Re: LSP and subtype



Responding to Huber...

That segues to the notion that the client has to understand _the
whole tree_ to access it properly.  For example, suppose we can't
instantiate Base on a standalone basis and we have:

                  [Base]
                  + foo()
                    A
                    |
          +---------+--------+
          |                  |
        [Sub1]            [Sub2]
        + foo()

where [Sub2] gets the Base.foo() implementation.  Suppose a Client
invoking Base.foo() is happy with either implementation so all is
well.



Why would the client ever care about what implementation he gets? All Sub1.foo() must respect are the invariants, pre- & postconditions that were established by Base. If Sub1.foo() does so then the client will never notice a difference. If Sub1.foo() fails to do so then the LSP is violated and Sub1 is faulty.


As I said, the stipulation is the Client is happy with either
implementation, so it can invoke Base.foo().


Um, why is the "happiness" of some *particular* client code important?
As long as all foo overrides respect the invariants, pre- &
postconditions that Base documents/relies on then *any* imaginable
client code will run just fine with *any* subclass object of Base, won't
it? IOW, the client just needs to be happy with the documented behavior
(again invariants, pre- & postconditions) of Base and never needs to
know that there are in fact subclasses and overrides.

The relationship between the Client and the member of the tree needs to be defined for each client. When evaluating the collaboration the developer must determine where in the tree the Client will access objects. That decision must be made on a client-by-client basis.


For the tree above it is entirely possible that for a given class of Client objects the only behavior that is acceptable is Sub2.foo(). If that is the case the developer must establish a relationship between the Client class and only the Sub1 class. That is the only way ot capture the constraint on the collaboration that the Base.foo() behavior is not acceptable to the Client.

Now suppose somebody comes along doing maintenance and decides we
need a third implementation:

                  [Base]
                  + foo()
                    A
                    |
          +---------+--------+--------------+
          |                  |              |
        [Sub1]            [Sub2]          [Sub3]
        + foo()                           + foo()

This may break the original Client if the Sub3.Foo() implementation
is unacceptable (i.e., an LSP violation from the Client
perspective) even though the original Client and its context was
not touched.



This is just an example that derived classes must observe the LSP or else there's a bug in the software. I don't see how this backs your assertion that one should not be able to instantiate Base classes.


That was pretty much my point.  The pitfall from an LSP perspective is
that one cannot arbitrarily add new subclass implementations without
validating them against the existing client access contexts.
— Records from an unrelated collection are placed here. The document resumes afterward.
(* Let $q\ge 2$, $n\ge 1$, $h\in F(n,q)$ and $u\in\Pi([n])$. Then $$\kappa(h,u)=\left\lceil \log_q\big(\chi(G_{h,u})\big)\right\rceil ,$$ where $\chi(G_{h,u})$ is the chromatic number of the confusion graph $G_{h,u}$.
   Context: Let $q\ge 2$, $A=\{0,1,\dots,q-1\}$, $[n]=\{1,\dots,n\}$, and let $F(n,q)$ be the set of all maps $A^n\to A^n$ (automata networks). For $f\in F(m,q)$ and $i\in[m]$, $f_i:A^m\to A$ is the $i$-th coordinate function of $f$. The map $f^i\in F(m,q)$ is defined by $f^i(x)=(x_1,\dots,x_{i-1},f_i(x),x_{i+1},\dots,x_m)$. For $I\subseteq[m]$, $f^I\in F(m,q)$ is defined by $f^I(x)_j=f_j(x)$ if $j\in I$ and $f^I(x)_j=x_j$ otherwise. For a word $w=(w_1,\dots,w_t)$ over $[m]$, $f^w=f^{w_t}\circ\cdots\circ f^{w_1}$. $\Pi([m])$ is the set of permutations of $[m]$, written as words $w=(w_1,\dots,w_m)$ in which each element of $[m]$ occurs once; for $i\in[m]$, $w(i)$ denotes the position $j$ with $w_j=i$. $\mathrm{pr}_{[n]}:A^m\to A^n$ is the projection onto the first $n$ coordinates. For $m\ge n$, a pair $(f,w)$ with $f\in F(m,q)$, $w\in\Pi([m])$ sequentializes $h\in F(n,q)$ if $\mathrm{pr}_{[n]}\circ f^w=h\circ \mathrm{pr}_{[n]}$. For $u\in\Pi([n])$, $w\in\Pi([m])$ respects $u$ if for all $i,j\in[n]$, $u(i)<u(j)$ implies $w(i)<w(j)$. The cost of sequentialization $\kappa(h,u)$ is the smallest $k\ge 0$ such that there exist $f\in F(n+k,q)$ and $w\in\Pi([n+k])$ respecting $u$ such that $(f,w)$ sequentializes $h$. The confusion graph $G_{h,u}$ is the undirected graph with vertex set $A^n$ in which $x\neq x'$ are adjacent iff $h(x)\neq h(x')$ and there exists $i\in[n]$ with $h^{\{u_1,\dots,u_i\}}(x)=h^{\{u_1,\dots,u_i\}}(x')$. *)

theory Defs
  imports Complex_Main
begin

text \<open>Configurations of A^n, A = {0..q-1}, represented as functions nat => nat
  supported on [n] = {1..n} (value 0 outside [n]).\<close>
definition cfg :: "nat \<Rightarrow> nat \<Rightarrow> (nat \<Rightarrow> nat) set" where
  "cfg q n = {x. (\<forall>i\<in>{1..n}. x i < q) \<and> (\<forall>i. i \<notin> {1..n} \<longrightarrow> x i = 0)}"

text \<open>Automata networks F(n,q): maps sending A^n into A^n (only their values on A^n matter).\<close>
definition is_AN :: "nat \<Rightarrow> nat \<Rightarrow> ((nat \<Rightarrow> nat) \<Rightarrow> (nat \<Rightarrow> nat)) \<Rightarrow> bool" where
  "is_AN q n f \<longleftrightarrow> (\<forall>x\<in>cfg q n. f x \<in> cfg q n)"

definition upd :: "((nat \<Rightarrow> nat) \<Rightarrow> (nat \<Rightarrow> nat)) \<Rightarrow> nat set \<Rightarrow> (nat \<Rightarrow> nat) \<Rightarrow> (nat \<Rightarrow> nat)" where
  "upd f I x = (\<lambda>j. if j \<in> I then f x j else x j)"

fun seqw :: "((nat \<Rightarrow> nat) \<Rightarrow> (nat \<Rightarrow> nat)) \<Rightarrow> nat list \<Rightarrow> (nat \<Rightarrow> nat) \<Rightarrow> (nat \<Rightarrow> nat)" where
  "seqw f [] = id"
| "seqw f (i # w) = seqw f w \<circ> upd f {i}"

definition is_perm :: "nat \<Rightarrow> nat list \<Rightarrow> bool" where
  "is_perm m w \<longleftrightarrow> distinct w \<and> set w = {1..m}"

text \<open>w(i): the (1-based) position of i in w.\<close>
definition pos :: "nat list \<Rightarrow> nat \<Rightarrow> nat" where
  "pos w i = (THE k. k \<in> {1..length w} \<and> w ! (k - 1) = i)"

definition respects_order :: "nat \<Rightarrow> nat list \<Rightarrow> nat list \<Rightarrow> bool" where
  "respects_order n u w \<longleftrightarrow> (\<forall>i\<in>{1..n}. \<forall>j\<in>{1..n}. pos u i < pos u j \<longrightarrow> pos w i < pos w j)"

definition proj :: "nat \<Rightarrow> (nat \<Rightarrow> nat) \<Rightarrow> (nat \<Rightarrow> nat)" where
  "proj n x = (\<lambda>j. if j \<in> {1..n} then x j else 0)"

definition sequentializes ::
  "nat \<Rightarrow> nat \<Rightarrow> nat \<Rightarrow> ((nat \<Rightarrow> nat) \<Rightarrow> (nat \<Rightarrow> nat)) \<Rightarrow> nat list
     \<Rightarrow> ((nat \<Rightarrow> nat) \<Rightarrow> (nat \<Rightarrow> nat)) \<Rightarrow> bool" where
  "sequentializes q m n f w h \<longleftrightarrow> (\<forall>x\<in>cfg q m. proj n (seqw f w x) = h (proj n x))"

definition kappa :: "nat \<Rightarrow> nat \<Rightarrow> ((nat \<Rightarrow> nat) \<Rightarrow> (nat \<Rightarrow> nat)) \<Rightarrow> nat list \<Rightarrow> nat" where
  "kappa q n h u = (LEAST k. \<exists>f w. is_AN q (n + k) f \<and> is_perm (n + k) w \<and> respects_order n u w
                                  \<and> sequentializes q (n + k) n f w h)"

definition confusion_adj :: "nat \<Rightarrow> nat \<Rightarrow> ((nat \<Rightarrow> nat) \<Rightarrow> (nat \<Rightarrow> nat)) \<Rightarrow> nat list
     \<Rightarrow> (nat \<Rightarrow> nat) \<Rightarrow> (nat \<Rightarrow> nat) \<Rightarrow> bool" where
  "confusion_adj q n h u x x' \<longleftrightarrow> x \<in> cfg q n \<and> x' \<in> cfg q n \<and> x \<noteq> x' \<and> h x \<noteq> h x' \<and>
     (\<exists>i\<in>{1..n}. upd h (set (take i u)) x = upd h (set (take i u)) x')"

definition chromatic_number :: "'a set \<Rightarrow> ('a \<Rightarrow> 'a \<Rightarrow> bool) \<Rightarrow> nat" where
  "chromatic_number V E = (LEAST k. \<exists>c. (\<forall>v\<in>V. c v < k) \<and> (\<forall>v\<in>V. \<forall>v'\<in>V. E v v' \<longrightarrow> c v \<noteq> c v'))"

end

theory Submission
  imports Defs "HOL-Library.FuncSet"
begin

text \<open>
  If (f, w) sequentializes h with k extra coordinates, the final contents of the extra
  coordinates colour the confusion graph properly with q^k colours: let x, x' be adjacent
  because h^{u_1,...,u_i} identifies them. Among the original coordinates, the prefix of w
  ending at u_i updates exactly u_1, ..., u_i, so after this prefix the two runs differ at
  most on extra coordinates that are never touched again. If the final extra contents also
  agree, the two runs coincide after the prefix, hence at the end, and h x = h x'.

  Conversely, given a proper colouring c with q^k colours, let the network first store c(x)
  as a word in A^k in the extra coordinates and then update u_1, ..., u_n. When u_l is updated,
  the original coordinates hold h^{u_1,...,u_{l-1}}(x), and every x' with the same colour and
  the same partial update has h x' = h x, since otherwise x and x' would be adjacent; so the
  new value of u_l can be computed from the current state. Hence \<kappa>(h,u) is the least k
  with \<chi>(G_{h,u}) \<le> q^k.
\<close>

section \<open>Sequential updates along a word\<close>

lemma seqw_append: "seqw f (v @ w) = seqw f w \<circ> seqw f v"
  by (induction v) auto

lemma seqw_take_drop: "seqw f w = seqw f (drop p w) \<circ> seqw f (take p w)"
  by (simp flip: seqw_append)

lemma seqw_apply_notin: "j \<notin> set w \<Longrightarrow> seqw f w x j = x j"
  by (induction w arbitrary: x) (auto simp: upd_def)

lemma seqw_apply_take:
  assumes "distinct w" and "j \<in> set (take p w)"
  shows "seqw f w x j = seqw f (take p w) x j"
proof -
  have "j \<notin> set (drop p w)"
    using assms set_take_disj_set_drop_if_distinct by fastforce
  then show ?thesis
    by (simp add: seqw_take_drop[of f w p] seqw_apply_notin)
qed

lemma seqw_eq_if_agree_on_prefix:
  assumes "distinct w"
    and final: "\<And>j. j \<in> set (take p w) \<Longrightarrow> seqw f w x j = seqw f w x' j"
    and initial: "\<And>j. j \<notin> set (take p w) \<Longrightarrow> x j = x' j"
  shows "seqw f w x = seqw f w x'"
proof -
  have "seqw f (take p w) x = seqw f (take p w) x'"
  proof
    fix j
    show "seqw f (take p w) x j = seqw f (take p w) x' j"
      using final[of j] initial[of j] seqw_apply_take[OF assms(1)] seqw_apply_notin
      by (cases "j \<in> set (take p w)") simp_all
  qed
  then show ?thesis
    by (simp add: seqw_take_drop[of f w p])
qed

lemma seqw_invariant:
  assumes "\<And>l y. l < length w \<Longrightarrow> P l y \<Longrightarrow> P (Suc l) (upd f {w ! l} y)" and "P 0 y"
  shows "P (length w) (seqw f w y)"
  using assms
proof (induction w arbitrary: P y)
  case Nil
  then show ?case by simp
next
  case (Cons a w)
  have "P (Suc (length w)) (seqw f w (upd f {a} y))"
  proof (rule Cons.IH[where P = "\<lambda>l. P (Suc l)"])
    show "P (Suc l) y \<Longrightarrow> P (Suc (Suc l)) (upd f {w ! l} y)" if "l < length w" for l y
      using Cons.prems(1)[of "Suc l"] that by simp
    show "P (Suc 0) (upd f {a} y)"
      using Cons.prems(1)[of 0] Cons.prems(2) by simp
  qed
  then show ?case by simp
qed

lemma seqw_in_cfg: "is_AN q m f \<Longrightarrow> x \<in> cfg q m \<Longrightarrow> seqw f w x \<in> cfg q m"
proof (induction w arbitrary: x)
  case Nil
  then show ?case by simp
next
  case (Cons a w)
  have "upd f {a} x \<in> cfg q m"
    using Cons.prems unfolding is_AN_def cfg_def upd_def by auto
  then show ?case using Cons by simp
qed

lemma is_perm_length: "is_perm n u \<Longrightarrow> length u = n"
  unfolding is_perm_def by (metis card_atLeastAtMost diff_Suc_1 distinct_card)

lemma pos_nth: "distinct w \<Longrightarrow> r < length w \<Longrightarrow> pos w (w ! r) = Suc r"
  unfolding pos_def by (rule the_equality) (auto simp: nth_eq_iff_index_eq)

lemma in_set_pos: "distinct w \<Longrightarrow> j \<in> set w \<Longrightarrow> \<exists>r < length w. w ! r = j \<and> pos w j = Suc r"
  by (metis in_set_conv_nth pos_nth)

lemma in_set_take_iff_pos:
  assumes "distinct w" and "j \<in> set w"
  shows "j \<in> set (take p w) \<longleftrightarrow> pos w j \<le> p"
proof -
  obtain r where r: "r < length w" "w ! r = j" "pos w j = Suc r"
    using in_set_pos assms by blast
  have "w ! r \<in> set (take p w) \<longleftrightarrow> r < p"
    using assms(1) r(1) by (auto simp: in_set_conv_nth nth_eq_iff_index_eq)
  then show ?thesis using r by (simp add: Suc_le_eq)
qed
Same disagreement as above, I think you can leave client access contexts
out of the discussion.

If Base.foo() and Sub1.foo() are acceptable to the existing clients one still has to make sure that Sub3.foo() is also acceptable. This is a really basic maintenance issue anytime one updates a subclassing tree. If there are overrides it is possible to break the existing clients when an instance of the new subclass is presented to them. To put it another way, validating the clients' access is the only /practical/ way to ensure one is not creating an LSP problem when adding the new behavior to the tree.



Apropos of your point above about DbC conditions, there is really no
way to write such conditions in practice to deal with OO inclusion
polymorphism.  That's because one is not really substituting different
implementations of the same semantics; one is substituting different
behavior semantics.  So the post conditions between subclasses will
usually be different.  IOW, adding a new subclass behavior almost
always changes the base class' ORed postcondition specification.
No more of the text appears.